Given a unit-level cell-membership column ("A", "B", … for treated geos; blank / control_label for controls) and a post_col treatment window, each cell is measured against the shared control pool with the fixed-effect Augmented SCM + conformal inference (the other cells are excluded from each cell’s donor pool), and the cells are compared (GeoLift’s non-overlapping-CI winner rule).

Parameters:

config (MultiCellGeoLiftConfig or dict) – See mlsynth.utils.geolift_helpers.multicell.config.MultiCellGeoLiftConfig.

Examples

>>> from mlsynth import MULTICELLGEOLIFT
>>> res = MULTICELLGEOLIFT({"df": panel, "outcome": "Y", "unitid": "location",
...     "time": "date", "cell_column_name": "cell", "post_col": "post"}).fit()
>>> res.cells["A"].effects.att, res.winner
fit() MultiCellResults#

Resolve the cells, measure each against the shared control, compare.
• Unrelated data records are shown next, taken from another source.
lemma pos_def_quad_form_nonneg:
  assumes "pos_def_mat n S"
  shows "quad_form n S x \<ge> 0"
proof (cases "\<exists>j<n. x j \<noteq> 0")
  case True
  then show ?thesis using pos_def_quad_form_pos[OF assms] by (meson less_imp_le)
next
  case False
  then show ?thesis by (simp add: quad_form_def)
qed

lemma pos_def_det_nonzero:
  assumes pd: "pos_def_mat n S"
  shows "det S \<noteq> 0"
proof
  assume "det S = 0"
  moreover have "S \<in> carrier_mat n n" using pd by (simp add: pos_def_mat_def)
  ultimately obtain v where "v \<in> carrier_vec n" "v \<noteq> 0\<^sub>v n" "S *\<^sub>v v = 0\<^sub>v n"
    using det_0_iff_vec_prod_zero_field by blast
  then show False using pd by (auto simp: pos_def_mat_def)
qed

lemma pos_def_principal_submatrix:
  assumes pd: "pos_def_mat n S" and N: "N \<subseteq> {..<n}"
  shows "pos_def_mat (card N) (submatrix S N N)"
proof -
  have S: "S \<in> carrier_mat n n" using pd by (simp add: pos_def_mat_def)
  note M = submatrix_carrier[OF S N N]
  have M_index: "submatrix S N N $$ (r, t) = S $$ (pick N r, pick N t)"
    if "r < card N" "t < card N" for r t
    using submatrix_pick_index[OF S N N that] .
  have pick_less: "pick N r < n" if "r < card N" for r
    using pick_in_set_le[OF that] N by auto
  have "transpose_mat (submatrix S N N) = submatrix S N N"
    using M by (intro eq_matI) (auto simp: M_index pos_def_mat_sym[OF pd] pick_less)
  moreover have "v \<bullet> (submatrix S N N *\<^sub>v v) > 0"
    if v: "v \<in> carrier_vec (card N)" "v \<noteq> 0\<^sub>v (card N)" for v
  proof -
    define x where "x j = (if j \<in> N then v $ card {a \<in> N. a < j} else 0)" for j
    have x_pick: "x (pick N r) = v $ r" if "r < card N" for r
      using that by (simp add: x_def pick_in_set_le card_pick_le)
    obtain r where r: "r < card N" "v $ r \<noteq> 0"
      using v by (metis carrier_vecD eq_vecI index_zero_vec)
    have "v \<bullet> (submatrix S N N *\<^sub>v v) = quad_form (card N) (submatrix S N N) (\<lambda>t. v $ t)"
      by (rule scalar_prod_mult_mat_vec_quad_form[OF M v(1)])
    also have "\<dots> =
        (\<Sum>r<card N. x (pick N r) * (\<Sum>t<card N. S $$ (pick N r, pick N t) * x (pick N t)))"
      by (auto simp: x_pick M_index quad_form_def intro!: sum.cong)
    also have "\<dots> = quad_form n S x"
      by (rule quad_form_supported[OF N, symmetric]) (simp add: x_def)
    also have "\<dots> > 0"
      using pos_def_quad_form_pos[OF pd pick_less[OF r(1)]] x_pick r by simp
    finally show ?thesis .
  qed
  ultimately show ?thesis using M by (simp add: pos_def_mat_def)
qed

lemma minv_inverse:
  assumes A: "A \<in> carrier_mat k k" and "det A \<noteq> 0"
  shows "minv A \<in> carrier_mat k k" "A * minv A = 1\<^sub>m k" "minv A * A = 1\<^sub>m k"
proof -
  obtain B where "mat_inverse A = Some B"
    using mat_inverse(1)[OF A, where b = "()"] det_non_zero_imp_unit[OF A assms(2), where b = "()"]
    by (cases "mat_inverse A") auto
  then show "minv A \<in> carrier_mat k k" "A * minv A = 1\<^sub>m k" "minv A * A = 1\<^sub>m k"
    using mat_inverse(2)[OF A] by (auto simp: minv_def)
qed

lemma minv_eqI:
  assumes A: "A \<in> carrier_mat k k" and B: "B \<in> carrier_mat k k" and AB: "A * B = 1\<^sub>m k"
  shows "minv A = B"
proof -
  have "det A * det B = 1" using det_mult[OF A B] AB by simp
  then have "det A \<noteq> 0" by auto
  note inv = minv_inverse[OF A this]
  have "minv A = minv A * (A * B)" using AB inv(1) by simp
  also have "\<dots> = (minv A * A) * B" using assoc_mult_mat[OF inv(1) A B] by simp
  also have "\<dots> = B" using inv(3) B by simp
  finally show ?thesis .
qed

definition kriging_coeff :: "real mat \<Rightarrow> nat set \<Rightarrow> nat \<Rightarrow> nat \<Rightarrow> real" where
  "kriging_coeff S N i j = (if j \<in> N then nngp_w S N i $$ (0, card {a \<in> N. a < j}) else 0)"

definition kriging_residual :: "real mat \<Rightarrow> nat set \<Rightarrow> nat \<Rightarrow> nat \<Rightarrow> real" where
  "kriging_residual S N i j = (if j = i then 1 else 0) - kriging_coeff S N i j"

definition residual_var :: "real mat \<Rightarrow> nat set \<Rightarrow> nat \<Rightarrow> real" where
  "residual_var S N i = (if N = {} then S $$ (i, i)
     else S $$ (i, i) - (nngp_w S N i * submatrix S N {i}) $$ (0, 0))"

lemma nngp_w_carrier:
  assumes pd: "pos_def_mat n S" and N: "N \<subseteq> {..<n}" and i: "i < n"
  shows "nngp_w S N i \<in> carrier_mat 1 (card N)"
proof -
  have S: "S \<in> carrier_mat n n" using pd by (simp add: pos_def_mat_def)
  have "det (submatrix S N N) \<noteq> 0"
    using pos_def_det_nonzero[OF pos_def_principal_submatrix[OF pd N]] .
  then show ?thesis
    using minv_inverse(1)[OF submatrix_carrier[OF S N N]] submatrix_carrier[OF S, of "{i}" N] i N
    by (simp add: nngp_w_def)
qed

lemma sum_kriging_coeff:
  assumes N: "N \<subseteq> {..<n}"
  shows "(\<Sum>k<n. f k * kriging_coeff S N i k) = (\<Sum>t<card N. f (pick N t) * nngp_w S N i $$ (0, t))"
proof -
  have fin: "finite N" using N finite_subset by blast
  have "(\<Sum>k<n. f k * kriging_coeff S N i k) = (\<Sum>k\<in>N. f k * kriging_coeff S N i k)"
    using N by (intro sum.mono_neutral_right) (auto simp: kriging_coeff_def)
  then show ?thesis
    by (simp add: sum_pick[OF fin] kriging_coeff_def pick_in_set_le card_pick_le)
qed

lemma kriging_normal_equation:
  assumes pd: "pos_def_mat n S" and N: "N \<subseteq> {..<n}" and i: "i < n" and j: "j \<in> N"
  shows "(\<Sum>k<n. S $$ (j, k) * kriging_coeff S N i k) = S $$ (j, i)"
proof -
  have S: "S \<in> carrier_mat n n" using pd by (simp add: pos_def_mat_def)
  have iN: "{i} \<subseteq> {..<n}" using i by simp
  define M where "M = submatrix S N N"
  define w where "w = nngp_w S N i"
  have M: "M \<in> carrier_mat (card N) (card N)" unfolding M_def by (rule submatrix_carrier[OF S N N])
  have w: "w \<in> carrier_mat 1 (card N)" unfolding w_def by (rule nngp_w_carrier[OF pd N i])
  have "det M \<noteq> 0" unfolding M_def
    using pos_def_det_nonzero[OF pos_def_principal_submatrix[OF pd N]] .
  note M_inv = minv_inverse[OF M this]
  have wM: "w * M = submatrix S {i} N"
    using assoc_mult_mat[OF submatrix_carrier[OF S iN N] M_inv(1) M] M_inv(3)
      submatrix_carrier[OF S iN N] by (simp add: w_def nngp_w_def M_def)
  define r where "r = card {a \<in> N. a < j}"
  have fin: "finite N" using N finite_subset by blast
  have r: "r < card N" "pick N r = j"
    using j fin by (auto simp: r_def pick_card_in_set intro!: psubset_card_mono)
  have j_less: "j < n" using j N by auto
  have "(\<Sum>k<n. S $$ (j, k) * kriging_coeff S N i k) = (\<Sum>t<card N. S $$ (j, pick N t) * w $$ (0, t))"
    unfolding w_def by (rule sum_kriging_coeff[OF N])
  also have "\<dots> = (\<Sum>t<card N. w $$ (0, t) * M $$ (t, r))"
  proof (rule sum.cong[OF refl])
    fix t assume t: "t \<in> {..<card N}"
    then have "pick N t < n" using pick_in_set_le N by auto
    then show "S $$ (j, pick N t) * w $$ (0, t) = w $$ (0, t) * M $$ (t, r)"
      using r t by (simp add: M_def submatrix_pick_index[OF S N N] pos_def_mat_sym[OF pd j_less])
  qed
  also have "\<dots> = (w * M) $$ (0, r)"
    using w M r(1) by (simp add: scalar_prod_def atLeast0LessThan)
  also have "\<dots> = S $$ (j, i)"
    using wM r submatrix_pick_index[OF S iN N, of 0 r, unfolded pick_singleton]
      pos_def_mat_sym[OF pd i j_less] by simp
  finally show ?thesis .
qed

lemma residual_var_eq:
  assumes pd: "pos_def_mat n S" and N: "N \<subseteq> {..<n}" and i: "i < n"
  shows "residual_var S N i = S $$ (i, i) - (\<Sum>k<n. S $$ (i, k) * kriging_coeff S N i k)"
proof (cases "N = {}")
  case True
  then show ?thesis by (simp add: residual_var_def kriging_coeff_def)
next
  case False
  have S: "S \<in> carrier_mat n n" using pd by (simp add: pos_def_mat_def)
  have iN: "{i} \<subseteq> {..<n}" using i by simp
  note w = nngp_w_carrier[OF pd N i]
  have "(nngp_w S N i * submatrix S N {i}) $$ (0, 0)
      = (\<Sum>t<card N. nngp_w S N i $$ (0, t) * submatrix S N {i} $$ (t, 0))"
    using w submatrix_carrier[OF S N iN] by (simp add: scalar_prod_def atLeast0LessThan)
  also have "\<dots> = (\<Sum>t<card N. S $$ (i, pick N t) * nngp_w S N i $$ (0, t))"
  proof (rule sum.cong[OF refl])
    fix t assume t: "t \<in> {..<card N}"
    then have "pick N t < n" using pick_in_set_le N by auto
    then show "nngp_w S N i $$ (0, t) * submatrix S N {i} $$ (t, 0) = S $$ (i, pick N t) * nngp_w S N i $$ (0, t)"
      using t submatrix_pick_index[OF S N iN, of t 0, unfolded pick_singleton]
        pos_def_mat_sym[OF pd i] by simp
  qed
  also have "\<dots> = (\<Sum>k<n. S $$ (i, k) * kriging_coeff S N i k)"
    by (rule sum_kriging_coeff[OF N, symmetric])
  finally show ?thesis using False by (simp add: residual_var_def)
qed

lemma sum_kriging_residual:
  assumes "i < n"
  shows "(\<Sum>k<n. S $$ (j, k) * kriging_residual S N i k)
    = S $$ (j, i) - (\<Sum>k<n. S $$ (j, k) * kriging_coeff S N i k)"
proof -
  have "(\<Sum>k<n. S $$ (j, k) * (if k = i then 1 else 0)) = (\<Sum>k<n. if k = i then S $$ (j, k) else 0)"
    by (rule sum.cong) auto
  then show ?thesis
    using assms by (simp add: kriging_residual_def right_diff_distrib sum_subtractf)
qed

lemma kriging_residual_orthogonal:
  assumes pd: "pos_def_mat n S" and N: "N \<subseteq> {..<i}" and i: "i < n" and j: "j \<in> N"
  shows "(\<Sum>k<n. S $$ (j, k) * kriging_residual S N i k) = 0"
  using sum_kriging_residual[OF i] kriging_normal_equation[OF pd _ i j] N i by force

lemma quad_form_kriging_residual:
  assumes pd: "pos_def_mat n S" and N: "N \<subseteq> {..<i}" and i: "i < n"
  shows "quad_form n S (kriging_residual S N i) = residual_var S N i"
proof -
  let ?g = "\<lambda>j. \<Sum>k<n. S $$ (j, k) * kriging_residual S N i k"
  have "quad_form n S (kriging_residual S N i)
      = (\<Sum>j<n. (if j = i then 1 else 0) * ?g j) - (\<Sum>j<n. kriging_coeff S N i j * ?g j)"
    by (simp add: quad_form_def kriging_residual_def left_diff_distrib sum_subtractf)
  also have "(\<Sum>j<n. kriging_coeff S N i j * ?g j) = 0"
    by (rule sum.neutral) (simp add: kriging_coeff_def kriging_residual_orthogonal[OF pd N i])
  also have "(\<Sum>j<n. (if j = i then 1 else 0) * ?g j) = (\<Sum>j<n. if j = i then ?g j else 0)"
    by (rule sum.cong) auto
  also have "\<dots> = ?g i" using i by simp
  also have "?g i = residual_var S N i"
  proof -
    have "N \<subseteq> {..<n}" using N i by auto
    then show ?thesis using i by (simp add: sum_kriging_residual residual_var_eq[OF pd _ i])
  qed
  finally show ?thesis by simp
qed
class mlsynth.utils.geolift_helpers.multicell.config.MultiCellGeoLiftConfig(*, df: DataFrame, outcome: str, unitid: str, time: str, cell_column_name: str, post_col: str, control_label: str | None = None, how: str = 'mean', augment: str | None = 'ridge', fixed_effects: bool = True, alpha: float = 0.1, cpic: float | None = None, ns: int = 1000, conformal_type: str = 'iid', seed: int = 0, display_graphs: bool = True)#

Configuration for the multi-cell GeoLift analysis.

model_config: ClassVar[ConfigDict] = {'arbitrary_types_allowed': True, 'extra': 'forbid'}#

Configuration for the model, should be a dictionary conforming to [ConfigDict][pydantic.config.ConfigDict].